**GIVEN RECORDS:**
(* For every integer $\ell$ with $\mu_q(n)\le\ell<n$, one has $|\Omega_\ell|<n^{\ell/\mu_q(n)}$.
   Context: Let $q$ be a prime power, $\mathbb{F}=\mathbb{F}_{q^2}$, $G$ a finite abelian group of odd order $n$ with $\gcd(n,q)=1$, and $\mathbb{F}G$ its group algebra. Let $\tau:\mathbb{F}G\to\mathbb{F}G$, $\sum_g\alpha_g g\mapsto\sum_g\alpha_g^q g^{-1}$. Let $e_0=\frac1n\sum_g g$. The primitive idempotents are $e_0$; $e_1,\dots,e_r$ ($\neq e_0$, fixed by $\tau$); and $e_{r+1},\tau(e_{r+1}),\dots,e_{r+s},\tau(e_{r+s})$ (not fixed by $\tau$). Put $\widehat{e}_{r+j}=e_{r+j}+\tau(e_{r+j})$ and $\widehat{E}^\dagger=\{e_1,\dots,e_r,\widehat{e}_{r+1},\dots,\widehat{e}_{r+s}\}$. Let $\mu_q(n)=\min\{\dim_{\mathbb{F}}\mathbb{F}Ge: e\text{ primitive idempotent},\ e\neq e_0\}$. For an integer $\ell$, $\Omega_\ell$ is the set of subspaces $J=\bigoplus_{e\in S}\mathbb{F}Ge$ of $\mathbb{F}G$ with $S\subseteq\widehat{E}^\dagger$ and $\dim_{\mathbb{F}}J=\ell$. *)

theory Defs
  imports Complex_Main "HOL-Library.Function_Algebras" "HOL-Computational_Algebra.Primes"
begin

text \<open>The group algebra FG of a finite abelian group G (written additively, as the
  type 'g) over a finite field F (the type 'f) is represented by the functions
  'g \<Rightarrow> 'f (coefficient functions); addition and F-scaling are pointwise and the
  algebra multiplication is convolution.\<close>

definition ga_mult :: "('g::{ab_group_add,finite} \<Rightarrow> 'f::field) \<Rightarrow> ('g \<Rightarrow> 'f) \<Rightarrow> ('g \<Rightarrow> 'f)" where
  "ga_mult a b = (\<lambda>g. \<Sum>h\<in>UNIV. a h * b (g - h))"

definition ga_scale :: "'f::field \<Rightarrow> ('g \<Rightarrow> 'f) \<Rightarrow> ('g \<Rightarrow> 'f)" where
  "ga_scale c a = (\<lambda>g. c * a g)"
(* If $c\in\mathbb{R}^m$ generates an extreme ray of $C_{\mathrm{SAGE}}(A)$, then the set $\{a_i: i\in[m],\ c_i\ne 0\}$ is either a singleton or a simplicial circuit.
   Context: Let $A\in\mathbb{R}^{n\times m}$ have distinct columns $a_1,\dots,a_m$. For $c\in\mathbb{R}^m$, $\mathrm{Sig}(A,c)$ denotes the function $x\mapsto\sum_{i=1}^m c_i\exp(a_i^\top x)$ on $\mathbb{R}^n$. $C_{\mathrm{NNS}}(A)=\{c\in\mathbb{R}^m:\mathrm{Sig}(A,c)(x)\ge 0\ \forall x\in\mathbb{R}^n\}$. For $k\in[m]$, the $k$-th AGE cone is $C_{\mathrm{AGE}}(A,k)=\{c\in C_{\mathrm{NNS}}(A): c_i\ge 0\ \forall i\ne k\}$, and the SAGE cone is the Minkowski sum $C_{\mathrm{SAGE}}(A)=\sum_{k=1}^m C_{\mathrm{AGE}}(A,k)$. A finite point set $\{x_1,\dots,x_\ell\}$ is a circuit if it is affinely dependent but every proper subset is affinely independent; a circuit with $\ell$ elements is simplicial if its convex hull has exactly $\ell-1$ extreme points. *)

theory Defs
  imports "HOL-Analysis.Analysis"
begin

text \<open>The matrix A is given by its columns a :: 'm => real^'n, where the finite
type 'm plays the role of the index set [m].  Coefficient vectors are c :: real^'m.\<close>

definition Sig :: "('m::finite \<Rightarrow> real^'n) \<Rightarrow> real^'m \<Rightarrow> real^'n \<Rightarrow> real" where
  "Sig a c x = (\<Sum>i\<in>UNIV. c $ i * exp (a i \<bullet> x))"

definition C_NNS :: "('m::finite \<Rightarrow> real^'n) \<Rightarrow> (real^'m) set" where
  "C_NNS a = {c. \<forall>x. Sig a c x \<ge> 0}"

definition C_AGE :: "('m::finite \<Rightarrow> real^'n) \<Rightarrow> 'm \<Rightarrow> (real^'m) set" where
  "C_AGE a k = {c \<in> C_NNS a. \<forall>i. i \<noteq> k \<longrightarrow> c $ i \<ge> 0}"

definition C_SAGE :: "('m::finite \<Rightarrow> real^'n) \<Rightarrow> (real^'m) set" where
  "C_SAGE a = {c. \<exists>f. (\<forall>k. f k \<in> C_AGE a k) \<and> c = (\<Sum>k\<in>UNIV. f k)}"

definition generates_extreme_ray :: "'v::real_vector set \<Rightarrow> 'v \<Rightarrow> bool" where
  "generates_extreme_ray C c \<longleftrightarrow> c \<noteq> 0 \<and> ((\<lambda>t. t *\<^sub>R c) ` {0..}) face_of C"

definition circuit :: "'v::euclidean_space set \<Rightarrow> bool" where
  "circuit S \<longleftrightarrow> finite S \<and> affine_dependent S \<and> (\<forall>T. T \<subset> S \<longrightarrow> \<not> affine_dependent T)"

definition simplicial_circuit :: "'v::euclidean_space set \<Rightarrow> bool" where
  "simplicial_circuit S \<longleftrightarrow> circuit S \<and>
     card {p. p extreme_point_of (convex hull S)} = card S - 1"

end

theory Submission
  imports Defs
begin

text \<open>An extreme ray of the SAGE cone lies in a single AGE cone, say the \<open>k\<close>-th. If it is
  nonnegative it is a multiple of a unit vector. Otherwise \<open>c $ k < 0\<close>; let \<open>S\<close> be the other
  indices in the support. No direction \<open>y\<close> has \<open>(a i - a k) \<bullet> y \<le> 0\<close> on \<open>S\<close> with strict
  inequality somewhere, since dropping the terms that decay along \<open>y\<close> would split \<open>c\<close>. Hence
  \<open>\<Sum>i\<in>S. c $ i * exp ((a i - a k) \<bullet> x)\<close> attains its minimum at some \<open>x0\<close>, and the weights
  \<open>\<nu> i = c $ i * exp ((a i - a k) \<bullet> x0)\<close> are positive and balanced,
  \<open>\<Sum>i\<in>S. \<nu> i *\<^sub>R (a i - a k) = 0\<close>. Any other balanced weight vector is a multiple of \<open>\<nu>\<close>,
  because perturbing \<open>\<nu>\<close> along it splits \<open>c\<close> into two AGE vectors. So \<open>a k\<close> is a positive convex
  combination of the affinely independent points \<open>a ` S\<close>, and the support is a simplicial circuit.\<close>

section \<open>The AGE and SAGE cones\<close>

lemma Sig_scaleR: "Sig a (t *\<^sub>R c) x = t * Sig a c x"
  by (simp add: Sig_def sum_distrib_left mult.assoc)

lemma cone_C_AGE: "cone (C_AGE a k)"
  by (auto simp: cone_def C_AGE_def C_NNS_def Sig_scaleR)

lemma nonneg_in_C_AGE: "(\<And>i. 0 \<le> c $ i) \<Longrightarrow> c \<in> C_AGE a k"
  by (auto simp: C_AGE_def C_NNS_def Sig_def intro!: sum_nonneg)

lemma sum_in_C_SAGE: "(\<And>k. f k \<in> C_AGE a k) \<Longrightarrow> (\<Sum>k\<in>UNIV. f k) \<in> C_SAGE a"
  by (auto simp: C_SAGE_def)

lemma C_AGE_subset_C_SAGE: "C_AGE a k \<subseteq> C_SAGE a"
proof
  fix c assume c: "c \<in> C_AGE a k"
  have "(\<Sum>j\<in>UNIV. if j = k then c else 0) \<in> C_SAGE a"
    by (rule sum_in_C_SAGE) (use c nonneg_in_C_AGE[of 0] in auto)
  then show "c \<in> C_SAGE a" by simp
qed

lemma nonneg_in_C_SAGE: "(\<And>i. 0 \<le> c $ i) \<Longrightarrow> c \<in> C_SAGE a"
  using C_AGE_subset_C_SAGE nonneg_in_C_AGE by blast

**TASK INSTRUCTIONS:**
Lines from the one containing "by (rule sum_in_C_SAGE)" through the end of the entries above must be copied exactly; include both ends and no other lines.

**PROBLEM SOLUTION:**
    by (rule sum_in_C_SAGE) (use c nonneg_in_C_AGE[of 0] in auto)
  then show "c \<in> C_SAGE a" by simp
qed

lemma nonneg_in_C_SAGE: "(\<And>i. 0 \<le> c $ i) \<Longrightarrow> c \<in> C_SAGE a"
  using C_AGE_subset_C_SAGE nonneg_in_C_AGE by blast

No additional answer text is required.